On the first of May, 2011, the president of the United States of America announced that Osama bin Laden was dead. The speech that followed was one carefully devised to avoid offending anyone deemed worth trying not to offend and part of this watering down involved the claim that bin Laden was not an islamic leader but simply a mass murderer. Now, obviously I do not believe that Osama bin Laden spoke for all or even most Muslims, but I do believe that if there is one courtesy every ideological enemy deserves, it is to have their truth-claims acknowledged. Osama bin Laden held to a particular view of God and God's law which concluded that unbelievers should be forced to obey islamic law and he believed that by acting on this he was being righteous. The man was a human being who loved and thought and hated and sinned and worshipped.
When the news station inevitably started playing old clips of bin Laden, I tried to look at his face and understand just who he was. I can honestly say that I didn't see any hate there. There might even have been a bit of serenity at a few points. This man led others in prayer, had children, and sent soldiers he may very well have loved to their deaths. Did he ever feel giddy adoration for any of his wives? Did any of his soldiers ever come to him afraid and did he then tenderly comfort them and then pray together with them? When he though of what he believed his duty, how much hate was really there? When he thought of God, how much true reverence was there? What was the life of this horrible, sad man?

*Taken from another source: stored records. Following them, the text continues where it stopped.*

(* Let $A_0$ be a commutative Noetherian ring, $d_1,\dots,d_g\in\mathbb{N}$, and let $A=A_0[Y_1,\dots,Y_g]$ be $\mathbb{Z}^2$-graded by $\deg Y_j=(d_j,1)$. Let $N$ be a finitely generated $\mathbb{Z}^2$-graded $A$-module and $\rho_N(v)=\sup\{i\in\mathbb{Z} : N_{(i,v)}\neq0\}$. Then there exists $v_0$ such that either $\rho_N(v)=-\infty$ for all $v\ge v_0$, or there are $\delta\in\{d_1,\dots,d_g\}$ and $c\in\mathbb{Z}$ with $\rho_N(v)=\delta v+c$ for all $v\ge v_0$.
   Context: Elements of $A_0$ have degree $(0,0)$; the supremum of the empty set is $-\infty$. *)

theory Defs
  imports "HOL-Library.Poly_Mapping" "HOL-Library.Extended_Real"
begin

(* A commutative ring is Noetherian if every ideal is finitely generated.
  Ideals of r are the submodules of r over itself.*)
definition noetherian :: "'r::comm_ring_1 itself \<Rightarrow> bool" where
  "noetherian _ \<longleftrightarrow>
     (\<forall>I::'r set. module.subspace ((*) :: 'r \<Rightarrow> 'r \<Rightarrow> 'r) I \<longrightarrow>
        (\<exists>F. finite F \<and> I = module.span ((*) :: 'r \<Rightarrow> 'r \<Rightarrow> 'r) F))"

(* The polynomial ring A = A0[Y_j | j :: 'g] is the type ('g => nat) => 'r
  (monomials = exponent vectors).*)
definition monodeg :: "('g::finite \<Rightarrow> nat) \<Rightarrow> ('g \<Rightarrow>\<^sub>0 nat) \<Rightarrow> int \<times> int" where
  "monodeg d \<alpha> = ((\<Sum>j\<in>UNIV. int (Poly_Mapping.lookup \<alpha> j) * int (d j)), (\<Sum>j\<in>UNIV. int (Poly_Mapping.lookup \<alpha> j)))"

definition Ahom :: "('g::finite \<Rightarrow> nat) \<Rightarrow> int \<times> int \<Rightarrow> (('g \<Rightarrow>\<^sub>0 nat) \<Rightarrow>\<^sub>0 'r::comm_ring_1) set" where
  "Ahom d a = {p. \<forall>\<alpha>\<in>Poly_Mapping.keys p. monodeg d \<alpha> = a}"

definition const :: "'r::comm_ring_1 \<Rightarrow> ('g \<Rightarrow>\<^sub>0 nat) \<Rightarrow>\<^sub>0 'r" where
  "const a = Poly_Mapping.single 0 a"

(* A Z^2-graded A-module: the module is the type 'm with scalar action sc,
  Nc k is the homogeneous component N_k (an A0-submodule), N is the internal
  direct sum of the N_k, and A_a N_b \<subseteq> N_(a+b).*)
definition graded_module ::
  "('g::finite \<Rightarrow> nat) \<Rightarrow> ((('g \<Rightarrow>\<^sub>0 nat) \<Rightarrow>\<^sub>0 'r::comm_ring_1) \<Rightarrow> 'm::ab_group_add \<Rightarrow> 'm)
     \<Rightarrow> (int \<times> int \<Rightarrow> 'm set) \<Rightarrow> bool" where
  "graded_module d sc Nc \<longleftrightarrow>
     module sc \<and>
     (\<forall>k. module.subspace (\<lambda>a. sc (const a)) (Nc k)) \<and>
     (\<forall>x. \<exists>!h. finite {k. h k \<noteq> 0} \<and> (\<forall>k. h k \<in> Nc k) \<and> x = (\<Sum>k\<in>{k. h k \<noteq> 0}. h k)) \<and>
     (\<forall>p x a b. p \<in> Ahom d a \<longrightarrow> x \<in> Nc b \<longrightarrow> sc p x \<in> Nc (fst a + fst b, snd a + snd b))"

definition finitely_generated :: "('a::comm_ring_1 \<Rightarrow> 'm::ab_group_add \<Rightarrow> 'm) \<Rightarrow> bool" where
  "finitely_generated sc \<longleftrightarrow> (\<exists>F. finite F \<and> module.span sc F = UNIV)"

(* rho_N(v) = sup {i. N_(i,v) \<noteq> 0}, with sup of the empty set = -\<infinity>.*)
definition rho :: "(int \<times> int \<Rightarrow> 'm::zero set) \<Rightarrow> int \<Rightarrow> ereal" where
  "rho Nc v = Sup ((\<lambda>i. ereal (of_int i)) ` {i. Nc (i, v) \<noteq> {0}})"

end

theory Submission
  imports Defs
begin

Osama bin Laden was born into wealth and he left his comforts to hide out in caves and do what he believed was God's work. And he believed God's work involved killing Americans and Jews and even other Muslims. I know many people find this infuriating but I myself find it sad. I think it is a terrible tragedy, greater and more shameful than anything Shakespeare ever wrote. And what is saddest of all is the thought that there are thousands more just like him. There are even teenage boys and girls who will blow themselves up in living out that heart-rending tragedy. The thought brings tears to my eyes.

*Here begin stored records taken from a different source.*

(* Let $G$ be a finite simple graph with edge weight function $w$ and vertex weight function $w_1$, let $\theta$ be a real number, and let $u$ be a $(\theta,w,w_1)$-special vertex of $G$. Then the degree of $u$ is at least two.
   Context: An edge weight function $w$ assigns a nonzero complex number to each edge; a vertex weight function $w_1$ assigns a real number (possibly $0$) to each vertex; subgraphs carry restricted weights; $G\setminus u$ deletes $u$ and its incident edges. For $A\subseteq E(G)$, $w(A)=\prod_{e\in A}w(e)$. $\mu_w(G,x)=\sum_{M}(-1)^{|M|}|w(M)|^2x^{n-2|M|}$ over all matchings $M$ (including empty). $\eta_{(w,w_1)}(G,x)=\sum_{S\subseteq V(G)}(-1)^{|V(G)\setminus S|}\big(\prod_{y\in V(G)\setminus S}w_1(y)\big)\mu_w(G[S],x)$ with $G[S]$ the induced subgraph; $\mu_w,\eta_{(w,w_1)}$ of the empty graph equal $1$. $\mathrm{mult}(\theta,H)$ is the multiplicity of $\theta$ as a root of $\eta_{(w,w_1)}(H,x)$ ($0$ if not a root). A vertex $v$ of $H$ is $(\theta,w,w_1)$-essential if $\mathrm{mult}(\theta,H\setminus v)=\mathrm{mult}(\theta,H)-1$; $v$ is $(\theta,w,w_1)$-special if it is not essential but is adjacent to some essential vertex. *)

theory Defs
  imports Complex_Main "HOL-Computational_Algebra.Polynomial"
begin

definition simple_graph :: "'a set \<Rightarrow> 'a set set \<Rightarrow> bool" where
  "simple_graph V E \<longleftrightarrow> finite V \<and>
     (\<forall>e\<in>E. \<exists>x y. x \<noteq> y \<and> x \<in> V \<and> y \<in> V \<and> e = {x, y})"

definition matchings :: "'a set set \<Rightarrow> 'a set set set" where
  "matchings E = {M. M \<subseteq> E \<and> (\<forall>e\<in>M. \<forall>f\<in>M. e \<noteq> f \<longrightarrow> e \<inter> f = {})}"

definition induced_edges :: "'a set set \<Rightarrow> 'a set \<Rightarrow> 'a set set" where
  "induced_edges E S = {e\<in>E. e \<subseteq> S}"

definition mu_w :: "('a set \<Rightarrow> complex) \<Rightarrow> 'a set \<Rightarrow> 'a set set \<Rightarrow> real poly" where
  "mu_w w V E = (\<Sum>M\<in>matchings E.
     monom ((-1) ^ card M * (\<Prod>e\<in>M. (cmod (w e))\<^sup>2)) (card V - 2 * card M))"
lemma poly_poly_of_bits: "poly (poly_of_bits \<delta> n) x = (\<Sum>t<n. \<delta> t * x ^ t)"
  for x :: "'a::comm_semiring_1"
  by (simp add: poly_of_bits_def poly_sum poly_monom)

lemma degree_poly_of_bits_less: "n > 0 \<Longrightarrow> degree (poly_of_bits \<delta> n) < n"
  by (rule degree_lessI) (auto simp: coeff_poly_of_bits)

lemma binary_poly_of_bits: "(\<And>t. t < n \<Longrightarrow> \<delta> t \<in> {0,1}) \<Longrightarrow> binary_poly (poly_of_bits \<delta> n)"
  by (simp add: binary_poly_def coeff_poly_of_bits)

lemma poly_of_bits_coeff: "degree p < n \<Longrightarrow> poly_of_bits (coeff p) n = p"
  by (simp add: poly_eq_iff coeff_poly_of_bits coeff_eq_0)

definition binary_values :: "'a::field \<Rightarrow> nat \<Rightarrow> 'a set" where
  "binary_values \<alpha> m = {poly q \<alpha> | q. binary_poly q \<and> degree q < m}"

lemma card_binary_values_le: "card (binary_values (\<alpha>::'a::{field,finite}) m) \<le> 2 ^ m"
proof -
  let ?bits = "PiE {..<m} (\<lambda>_. {0,1::'a})"
  have "binary_values \<alpha> m \<subseteq> (\<lambda>\<delta>. poly (poly_of_bits \<delta> m) \<alpha>) ` ?bits"
  proof
    fix x assume "x \<in> binary_values \<alpha> m"
    then obtain q where q: "binary_poly q" "degree q < m" "x = poly q \<alpha>"
      unfolding binary_values_def by auto
    have eq: "poly_of_bits (restrict (coeff q) {..<m}) m = q"
      using poly_of_bits_coeff[OF q(2)] by (simp add: poly_of_bits_def)
    have bits: "restrict (coeff q) {..<m} \<in> ?bits"
      using q(1) unfolding binary_poly_def by auto
    show "x \<in> (\<lambda>\<delta>. poly (poly_of_bits \<delta> m) \<alpha>) ` ?bits"
      by (rule image_eqI[OF _ bits]) (simp add: eq q(3))
  qed
  hence "card (binary_values \<alpha> m) \<le> card ((\<lambda>\<delta>. poly (poly_of_bits \<delta> m) \<alpha>) ` ?bits)"
    by (intro card_mono) simp_all
  also have "\<dots> \<le> card ?bits"
    by (rule card_image_le) (simp add: finite_PiE)
  also have "\<dots> = 2 ^ m"
    by (simp add: card_PiE numeral_2_eq_2)
  finally show ?thesis .
qed

lemma binary_poly_lead_coeff: "binary_poly p \<Longrightarrow> p \<noteq> 0 \<Longrightarrow> lead_coeff p = 1"
  unfolding binary_poly_def by (metis empty_iff insert_iff leading_coeff_0_iff)

lemma power_in_binary_values:
  fixes \<alpha> :: "'a::field"
  assumes c2: "(1::'a) + 1 = 0" and p: "binary_poly p" "degree p \<ge> 1" and root: "poly p \<alpha> = 0"
  shows "\<alpha> ^ n \<in> binary_values \<alpha> (degree p)"
proof (induction n)
  case 0
  have "binary_poly (1::'a poly)"
    by (auto simp: binary_poly_def coeff_1)
  then show ?case
    using p(2) unfolding binary_values_def by force
next
  case (Suc n)
  define m where "m = degree p"
  obtain q where q: "binary_poly q" "degree q < m" "\<alpha> ^ n = poly q \<alpha>"
    using Suc unfolding binary_values_def m_def by auto
  have lead: "coeff p m = 1"
    using p binary_poly_lead_coeff unfolding m_def by fastforce
  \<comment> \<open>reduce \<open>\<alpha> * q\<close> modulo \<open>p\<close>: cancel its possible \<open>m\<close>-th coefficient\<close>
  define c where "c = coeff q (m - 1)"
  define r where "r = pCons 0 q - smult c p"
  have "binary_poly (pCons 0 q)"
    using q(1) unfolding binary_poly_def by (auto simp: coeff_pCons split: nat.split)
  moreover have "binary_poly (smult c p)"
    using p(1) q(1) unfolding binary_poly_def coeff_smult c_def by (intro allI mult_in_zero_one) auto
  ultimately have "binary_poly r"
    unfolding r_def by (rule binary_poly_diff[OF c2])
  moreover have "degree r < m"
  proof (rule degree_lessI)
    show "\<forall>t\<ge>m. coeff r t = 0"
    proof (intro allI impI)
      fix t assume "t \<ge> m"
      then consider "t = m" | "t > m" by linarith
      then show "coeff r t = 0"
      proof cases
        case 1
        then show ?thesis
          using p(2) lead unfolding r_def c_def m_def by (auto simp: coeff_pCons split: nat.split)
      next
        case 2
        then show ?thesis
          using q(2) unfolding r_def m_def by (cases t) (auto simp: coeff_pCons coeff_eq_0)
      qed
    qed
  qed (use p(2) m_def in simp)
  moreover have "poly r \<alpha> = \<alpha> ^ Suc n"
    unfolding r_def using root q(3) by simp
  ultimately show ?case
    unfolding binary_values_def m_def by force
qed

lemma binary_poly_root_degree_ge:
  fixes \<alpha> :: "'a::{field,finite}"
  assumes c2: "(1::'a) + 1 = 0" and card: "card (UNIV :: 'a set) = 2 ^ T"
    and prim: "primitive_elem \<alpha>" and p: "binary_poly p" "p \<noteq> 0" and root: "poly p \<alpha> = 0"
  shows "T \<le> degree p"
proof -
  have "degree p \<ge> 1"
  proof (rule ccontr)
    assume "\<not> degree p \<ge> 1"
    hence "degree p = 0"
      by simp
    hence "poly p \<alpha> = coeff p (degree p)"
      by (simp add: poly_altdef)
    moreover have "coeff p (degree p) = 1"
      using p by (rule binary_poly_lead_coeff)
    ultimately show False
      using root by simp
  qed
  have "UNIV \<subseteq> binary_values \<alpha> (degree p)"
  proof
    fix x :: 'a
    show "x \<in> binary_values \<alpha> (degree p)"
    proof (cases "x = 0")
      case True
      have "binary_poly (0::'a poly)"
        by (simp add: binary_poly_def)
      then show ?thesis
        using True \<open>degree p \<ge> 1\<close> unfolding binary_values_def by force
    next
      case False
      then obtain n where "x = \<alpha> ^ n"
        using prim unfolding primitive_elem_def by blast
      then show ?thesis
        using power_in_binary_values[OF c2 p(1) \<open>degree p \<ge> 1\<close> root] by simp
    qed
  qed
  hence "card (UNIV :: 'a set) \<le> card (binary_values \<alpha> (degree p))"
    by (intro card_mono) simp_all
  also have "\<dots> \<le> 2 ^ degree p"
    by (rule card_binary_values_le)
  finally have "(2::nat) ^ T \<le> 2 ^ degree p"
    using card by simp
  thus ?thesis
    by simp
qed

lemma binary_poly_eq_0_if_root:
  fixes \<alpha> :: "'a::{field,finite}"
  assumes "(1::'a) + 1 = 0" and "card (UNIV :: 'a set) = 2 ^ T" and "primitive_elem \<alpha>"
    and "binary_poly p" "degree p < T" "poly p \<alpha> = 0"
  shows "p = 0"
  using binary_poly_root_degree_ge[OF assms(1-4)] assms(5,6) by linarith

But the thing that makes me sob openly (I'm not kidding here and I'm not exagerrating either) is the thought that when they go to hear our response, they hear exactly what they expect. They hear and enemy. They hear condemnation. They hear the words of those who do not understand. It makes me want to go there, to run across continents and swim across oceans and run up to them and shout at the top of my voice "JESUS LOVES YOU AND SO DO I!!!!!" If I am shot down on such a mission then that is better still. What greater glory can there be than to moan with one's very last breath "I still love you; I still forgive you"?
This is my prayer for Al Qaeda and the Taliban: that God's love would be poured out to them. I pray that the Church would wake up and recognize the thousands of sad and lost and lonely men and women that are so desperately in need of our love. I pray that for every Muslim who "martyrs" himself or herself for the sake of condemnation, there would be ten Christians who walk straight towards certain death for the sake of forgiveness. I pray that they would come to feel like lions trapped in a den of Daniels or a Pharisee begging for merciful hatred from a crowd of Stephens. I pray that wonders would emerge and that warring angels would be sent on their behalf. I pray that the children of the soldiers of Al Qaeda and the Taliban would grow up in a church so full of faith and love that it would put the rest of us to shame. I pray that the descendents of todays terrorists would have the faith and love and wisdom to one day come to encourage and admonish my own descendents.
I pray that during this very hour, God would annoint apostles to the terrorists. I pray that the Spirit would come upon the Church and awake a new wave of servants to sweep through the Middle East. God bless the sowing and reaping of this holy field.